___ EXTRACTED INFORMATION
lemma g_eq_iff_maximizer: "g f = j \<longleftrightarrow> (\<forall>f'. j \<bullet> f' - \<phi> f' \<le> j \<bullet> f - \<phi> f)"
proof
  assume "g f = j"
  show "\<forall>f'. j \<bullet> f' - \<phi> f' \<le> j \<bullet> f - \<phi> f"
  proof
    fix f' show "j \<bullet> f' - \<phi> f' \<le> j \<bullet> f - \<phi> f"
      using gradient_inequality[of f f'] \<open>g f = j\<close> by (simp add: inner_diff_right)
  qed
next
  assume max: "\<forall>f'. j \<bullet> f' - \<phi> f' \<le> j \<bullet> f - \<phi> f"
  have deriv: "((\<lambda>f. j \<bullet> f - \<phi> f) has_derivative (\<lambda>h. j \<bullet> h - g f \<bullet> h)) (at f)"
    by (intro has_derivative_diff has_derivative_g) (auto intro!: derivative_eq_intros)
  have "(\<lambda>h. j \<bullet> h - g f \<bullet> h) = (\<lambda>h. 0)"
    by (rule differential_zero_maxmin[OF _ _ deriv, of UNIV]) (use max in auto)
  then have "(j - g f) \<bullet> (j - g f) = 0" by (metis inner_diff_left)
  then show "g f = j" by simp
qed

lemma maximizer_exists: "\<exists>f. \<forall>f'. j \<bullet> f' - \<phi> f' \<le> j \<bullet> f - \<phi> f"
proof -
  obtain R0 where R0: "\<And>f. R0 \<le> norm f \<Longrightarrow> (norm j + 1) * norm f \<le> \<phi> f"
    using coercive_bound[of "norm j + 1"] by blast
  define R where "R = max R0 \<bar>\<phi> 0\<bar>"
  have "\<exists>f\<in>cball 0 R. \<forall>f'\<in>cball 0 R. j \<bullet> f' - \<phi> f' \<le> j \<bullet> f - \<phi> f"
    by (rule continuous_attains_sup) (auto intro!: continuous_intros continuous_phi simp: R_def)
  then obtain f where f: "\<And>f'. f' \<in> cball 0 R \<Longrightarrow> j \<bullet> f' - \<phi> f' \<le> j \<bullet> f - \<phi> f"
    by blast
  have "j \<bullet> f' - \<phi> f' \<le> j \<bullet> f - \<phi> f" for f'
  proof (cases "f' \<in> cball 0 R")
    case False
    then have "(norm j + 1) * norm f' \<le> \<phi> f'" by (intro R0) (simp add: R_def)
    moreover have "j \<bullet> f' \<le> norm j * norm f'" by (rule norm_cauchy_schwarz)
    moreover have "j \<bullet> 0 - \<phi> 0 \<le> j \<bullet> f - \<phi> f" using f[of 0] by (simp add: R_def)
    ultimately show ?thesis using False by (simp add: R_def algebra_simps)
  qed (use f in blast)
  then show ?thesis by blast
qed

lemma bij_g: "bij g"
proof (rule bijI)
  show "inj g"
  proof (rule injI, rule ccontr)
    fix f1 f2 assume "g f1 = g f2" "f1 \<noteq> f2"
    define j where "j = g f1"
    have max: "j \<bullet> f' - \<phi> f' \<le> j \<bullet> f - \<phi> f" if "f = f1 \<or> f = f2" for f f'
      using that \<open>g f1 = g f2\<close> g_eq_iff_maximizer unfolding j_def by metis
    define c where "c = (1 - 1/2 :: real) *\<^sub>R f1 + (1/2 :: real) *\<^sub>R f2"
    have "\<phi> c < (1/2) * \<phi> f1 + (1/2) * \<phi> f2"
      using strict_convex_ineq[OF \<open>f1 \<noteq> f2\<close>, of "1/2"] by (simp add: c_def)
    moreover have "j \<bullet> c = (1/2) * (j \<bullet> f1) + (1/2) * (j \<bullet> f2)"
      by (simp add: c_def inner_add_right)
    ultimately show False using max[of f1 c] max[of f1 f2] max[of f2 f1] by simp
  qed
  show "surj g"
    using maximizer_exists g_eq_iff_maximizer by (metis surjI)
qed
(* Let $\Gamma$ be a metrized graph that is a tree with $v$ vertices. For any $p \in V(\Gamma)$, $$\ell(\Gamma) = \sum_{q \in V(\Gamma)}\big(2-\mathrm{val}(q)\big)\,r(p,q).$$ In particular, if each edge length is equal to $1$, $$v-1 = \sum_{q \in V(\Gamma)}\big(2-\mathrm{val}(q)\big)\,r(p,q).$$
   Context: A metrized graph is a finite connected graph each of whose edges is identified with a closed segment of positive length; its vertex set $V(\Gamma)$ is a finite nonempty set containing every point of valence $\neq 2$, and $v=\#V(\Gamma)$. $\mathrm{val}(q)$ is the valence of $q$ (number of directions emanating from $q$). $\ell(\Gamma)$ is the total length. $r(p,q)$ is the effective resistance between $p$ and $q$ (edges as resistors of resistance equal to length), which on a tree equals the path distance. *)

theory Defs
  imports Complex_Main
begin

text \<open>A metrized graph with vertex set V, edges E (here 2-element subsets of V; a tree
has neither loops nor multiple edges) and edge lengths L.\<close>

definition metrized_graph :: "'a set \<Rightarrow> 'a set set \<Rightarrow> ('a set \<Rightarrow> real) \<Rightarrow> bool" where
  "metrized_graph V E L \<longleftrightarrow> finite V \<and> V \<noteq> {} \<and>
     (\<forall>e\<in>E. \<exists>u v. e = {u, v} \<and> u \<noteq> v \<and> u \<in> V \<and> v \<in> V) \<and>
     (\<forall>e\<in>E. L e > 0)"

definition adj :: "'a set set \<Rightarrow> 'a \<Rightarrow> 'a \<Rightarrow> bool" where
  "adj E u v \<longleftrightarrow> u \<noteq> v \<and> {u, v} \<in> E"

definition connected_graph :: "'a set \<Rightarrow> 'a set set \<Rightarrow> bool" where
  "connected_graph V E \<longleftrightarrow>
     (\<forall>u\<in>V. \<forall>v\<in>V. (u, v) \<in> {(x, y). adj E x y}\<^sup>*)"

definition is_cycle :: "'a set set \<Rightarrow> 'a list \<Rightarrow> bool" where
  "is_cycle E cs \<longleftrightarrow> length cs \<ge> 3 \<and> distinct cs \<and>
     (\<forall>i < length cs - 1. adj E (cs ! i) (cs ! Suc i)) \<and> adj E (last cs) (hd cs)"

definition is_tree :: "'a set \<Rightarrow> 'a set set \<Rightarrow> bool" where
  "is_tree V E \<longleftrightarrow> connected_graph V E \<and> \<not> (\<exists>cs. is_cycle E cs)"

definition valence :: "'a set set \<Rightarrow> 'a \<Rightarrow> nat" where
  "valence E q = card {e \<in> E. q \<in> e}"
______
▶ _TASK_: Scan the lines above for "then obtain f" and for "by (rule norm_cauchy_schwarz)". Repeat exactly the line holding each of them and every line in between.

▶ _OUTPUT_:
  then obtain f where f: "\<And>f'. f' \<in> cball 0 R \<Longrightarrow> j \<bullet> f' - \<phi> f' \<le> j \<bullet> f - \<phi> f"
    by blast
  have "j \<bullet> f' - \<phi> f' \<le> j \<bullet> f - \<phi> f" for f'
  proof (cases "f' \<in> cball 0 R")
    case False
    then have "(norm j + 1) * norm f' \<le> \<phi> f'" by (intro R0) (simp add: R_def)
    moreover have "j \<bullet> f' \<le> norm j * norm f'" by (rule norm_cauchy_schwarz)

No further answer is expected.